Exercise >> For the data below, work out the number of lines containing the string "exactly" and answer with that number only.

[Saved entries]
☆ ☆ ☆ ☆

(* Let $U$ be a $5$-unitrade with $|U|=12$. Then either $U=W\cup W'$ where $W,W'$ are disjoint $5$-unitrades each equivalent to $W_5$, or $U$ is equivalent to $S=\{\{1,2,3,5,6\}, \{1,2,4,5,6\}, \{1,3,4,5,6\}, \{2,3,4,5,6\}, \{1,2,3,5,7\}, \{1,2,4,5,7\}, \{1,3,4,5,7\}, \{2,3,4,5,7\}, \{1,2,3,6,7\}, \{1,2,4,6,7\}, \{1,3,4,6,7\}, \{2,3,4,6,7\}\}$.
   Context: A $k$-unitrade on a finite set $V$ is a set $U$ of $k$-element subsets (blocks) of $V$ such that every $(k-1)$-element subset of $V$ is contained in an even number of blocks of $U$. Two collections $U_1$ of subsets of $V_1$ and $U_2$ of subsets of $V_2$ are equivalent if there is an injection $f:V_1\to V_2$ with $U_2=\{f(u): u\in U_1\}$. $W_5$ denotes the set of all $5$-element subsets of a $6$-element set. *)

theory Defs
  imports Main
begin

definition unitrade :: "nat \<Rightarrow> 'a set \<Rightarrow> 'a set set \<Rightarrow> bool" where
  "unitrade k V U \<longleftrightarrow> finite V \<and> (\<forall>b\<in>U. b \<subseteq> V \<and> card b = k) \<and>
     (\<forall>T. T \<subseteq> V \<longrightarrow> card T = k - 1 \<longrightarrow> even (card {b\<in>U. T \<subseteq> b}))"

definition equivalent :: "'a set \<Rightarrow> 'a set set \<Rightarrow> 'b set \<Rightarrow> 'b set set \<Rightarrow> bool" where
  "equivalent V1 U1 V2 U2 \<longleftrightarrow>
     (\<exists>f. inj_on f V1 \<and> f ` V1 \<subseteq> V2 \<and> U2 = (\<lambda>u. f ` u) ` U1)"

definition W5 :: "nat set set" where
  "W5 = {b. b \<subseteq> {1..6} \<and> card b = 5}"

definition S_trade :: "nat set set" where
  "S_trade = {{1,2,3,5,6}, {1,2,4,5,6}, {1,3,4,5,6}, {2,3,4,5,6},
              {1,2,3,5,7}, {1,2,4,5,7}, {1,3,4,5,7}, {2,3,4,5,7},
              {1,2,3,6,7}, {1,2,4,6,7}, {1,3,4,6,7}, {2,3,4,6,7}}"

end

(*
  Fix a point x of some block of the 5-unitrade U and split U into the residual at x (the
  blocks avoiding x) and the derived trade at x (the blocks through x with x removed), which
  is a 4-unitrade. A nonempty k-unitrade has at least k + 1 blocks, with equality only for
  the k-subsets of a (k + 1)-set, and otherwise at least 2k blocks. When the derived trade is
  complete on a set A, the symmetric difference of U with the complete trade on insert x A is
  again a trade, contained in the residual up to the block A.

  For |U| = 12 this shows that either U is the union of the 5-subsets of two 6-sets, or every
  point lies in 8 or 9 blocks. In the second case double counting leaves exactly 7 points, so
  every block omits exactly two of them. The parity condition on the 4-sets says that every
  triangle of the graph of omitted pairs has an even number of edges, so this graph is complete
  bipartite with 12 edges on 7 vertices, i.e. K(4,3), which is the shape of S.
*)

theory Submission
  imports Defs
begin

definition subsets_of_card :: "nat \<Rightarrow> 'a set \<Rightarrow> 'a set set" where
  "subsets_of_card k A = {B. B \<subseteq> A \<and> card B = k}"

definition derived :: "'a set set \<Rightarrow> 'a \<Rightarrow> 'a set set" where
  "derived U x = (\<lambda>b. b - {x}) ` {b\<in>U. x \<in> b}"

definition residual :: "'a set set \<Rightarrow> 'a \<Rightarrow> 'a set set" where
  "residual U x = {b\<in>U. x \<notin> b}"

definition union_of_two_complete :: "nat \<Rightarrow> 'a set \<Rightarrow> 'a set set \<Rightarrow> bool" where
  "union_of_two_complete k V U \<longleftrightarrow> (\<exists>B1 B2. B1 \<subseteq> V \<and> B2 \<subseteq> V \<and> card B1 = Suc k \<and> card B2 = Suc k \<and>
     U = subsets_of_card k B1 \<union> subsets_of_card k B2)"

lemma unitradeI:
  assumes "finite V" "\<And>b. b \<in> U \<Longrightarrow> b \<subseteq> V \<and> card b = k"
    "\<And>T. T \<subseteq> V \<Longrightarrow> card T = k - 1 \<Longrightarrow> even (card {b\<in>U. T \<subseteq> b})"
  shows "unitrade k V U"
  using assms unfolding unitrade_def by blast

lemma unitrade_block: "unitrade k V U \<Longrightarrow> b \<in> U \<Longrightarrow> b \<subseteq> V \<and> card b = k"
  unfolding unitrade_def by blast

lemma unitrade_even:
  "unitrade k V U \<Longrightarrow> T \<subseteq> V \<Longrightarrow> card T = k - 1 \<Longrightarrow> even (card {b\<in>U. T \<subseteq> b})"
  unfolding unitrade_def by blast

lemma unitrade_finite_points: "unitrade k V U \<Longrightarrow> finite V"
  unfolding unitrade_def by blast

lemma unitrade_finite: "unitrade k V U \<Longrightarrow> finite U"
  by (metis unitrade_block unitrade_finite_points Pow_iff finite_Pow_iff finite_subset subsetI)

lemma unitrade_finite_block: "unitrade k V U \<Longrightarrow> b \<in> U \<Longrightarrow> finite b"
  by (meson unitrade_block unitrade_finite_points finite_subset)

lemma unitrade_sym_diff:
  assumes U1: "unitrade k V U1" and U2: "unitrade k V U2"
  shows "unitrade k V (sym_diff U1 U2)"
proof (rule unitradeI)
  show "finite V" using unitrade_finite_points[OF U1] .
  show "b \<subseteq> V \<and> card b = k" if "b \<in> sym_diff U1 U2" for b
    using that unitrade_block[OF U1] unitrade_block[OF U2] by blast
next
  fix T assume T: "T \<subseteq> V" "card T = k - 1"
  define F1 F2 where "F1 = {b\<in>U1. T \<subseteq> b}" and "F2 = {b\<in>U2. T \<subseteq> b}"
  have fin: "finite F1" "finite F2"
    unfolding F1_def F2_def using unitrade_finite[OF U1] unitrade_finite[OF U2] by auto
  have "card {b\<in>sym_diff U1 U2. T \<subseteq> b} = card (sym_diff F1 F2)"
    unfolding F1_def F2_def by (rule arg_cong[where f = card]) blast
  also have "\<dots> + 2 * card (F1 \<inter> F2) = card F1 + card F2"
    using fin card_Int_Diff[of F1 F2] card_Int_Diff[of F2 F1]
    by (simp add: card_Un_disjoint[of "F1 - F2" "F2 - F1"] Int_commute Diff_Int_distrib2 Int_Diff)
  finally show "even (card {b\<in>sym_diff U1 U2. T \<subseteq> b})"
    using unitrade_even[OF U1 T] unitrade_even[OF U2 T] unfolding F1_def F2_def by presburger
qed

lemma finite_subsets_of_card: "finite A \<Longrightarrow> finite (subsets_of_card k A)"
  unfolding subsets_of_card_def by simp

lemma card_subsets_of_card: "finite A \<Longrightarrow> card (subsets_of_card k A) = card A choose k"
  unfolding subsets_of_card_def by (rule n_subsets)

lemma card_subsets_of_card_Suc:
  "card A = Suc k \<Longrightarrow> card (subsets_of_card k A) = Suc k"
  by (metis card_subsets_of_card binomial_Suc_n card.infinite nat.distinct(1))

lemma subsets_of_card_insert:
  assumes "finite A" "x \<notin> A" "card A = Suc k"
  shows "subsets_of_card (Suc k) (insert x A) = insert A (insert x ` subsets_of_card k A)"
proof (intro equalityI subsetI)
  fix B assume "B \<in> subsets_of_card (Suc k) (insert x A)"
  then have B: "B \<subseteq> insert x A" "card B = Suc k"
    unfolding subsets_of_card_def by auto
  with assms have "finite B" by (meson finite_insert finite_subset)
  show "B \<in> insert A (insert x ` subsets_of_card k A)"
  proof (cases "x \<in> B")
    case True
    then have "B = insert x (B - {x})" "B - {x} \<in> subsets_of_card k A"
      using B \<open>finite B\<close> unfolding subsets_of_card_def by auto
    then show ?thesis by blast
  next
    case False
    then have "B = A"
      using B assms by (metis card_subset_eq subset_insert)
    then show ?thesis by simp
  qed
next
  fix B assume "B \<in> insert A (insert x ` subsets_of_card k A)"
  then show "B \<in> subsets_of_card (Suc k) (insert x A)"
    using assms unfolding subsets_of_card_def
    by (auto simp: card_insert_if rev_finite_subset[of A])
qed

☆ ☆ ☆ ☆

Solution for this exercise >> 2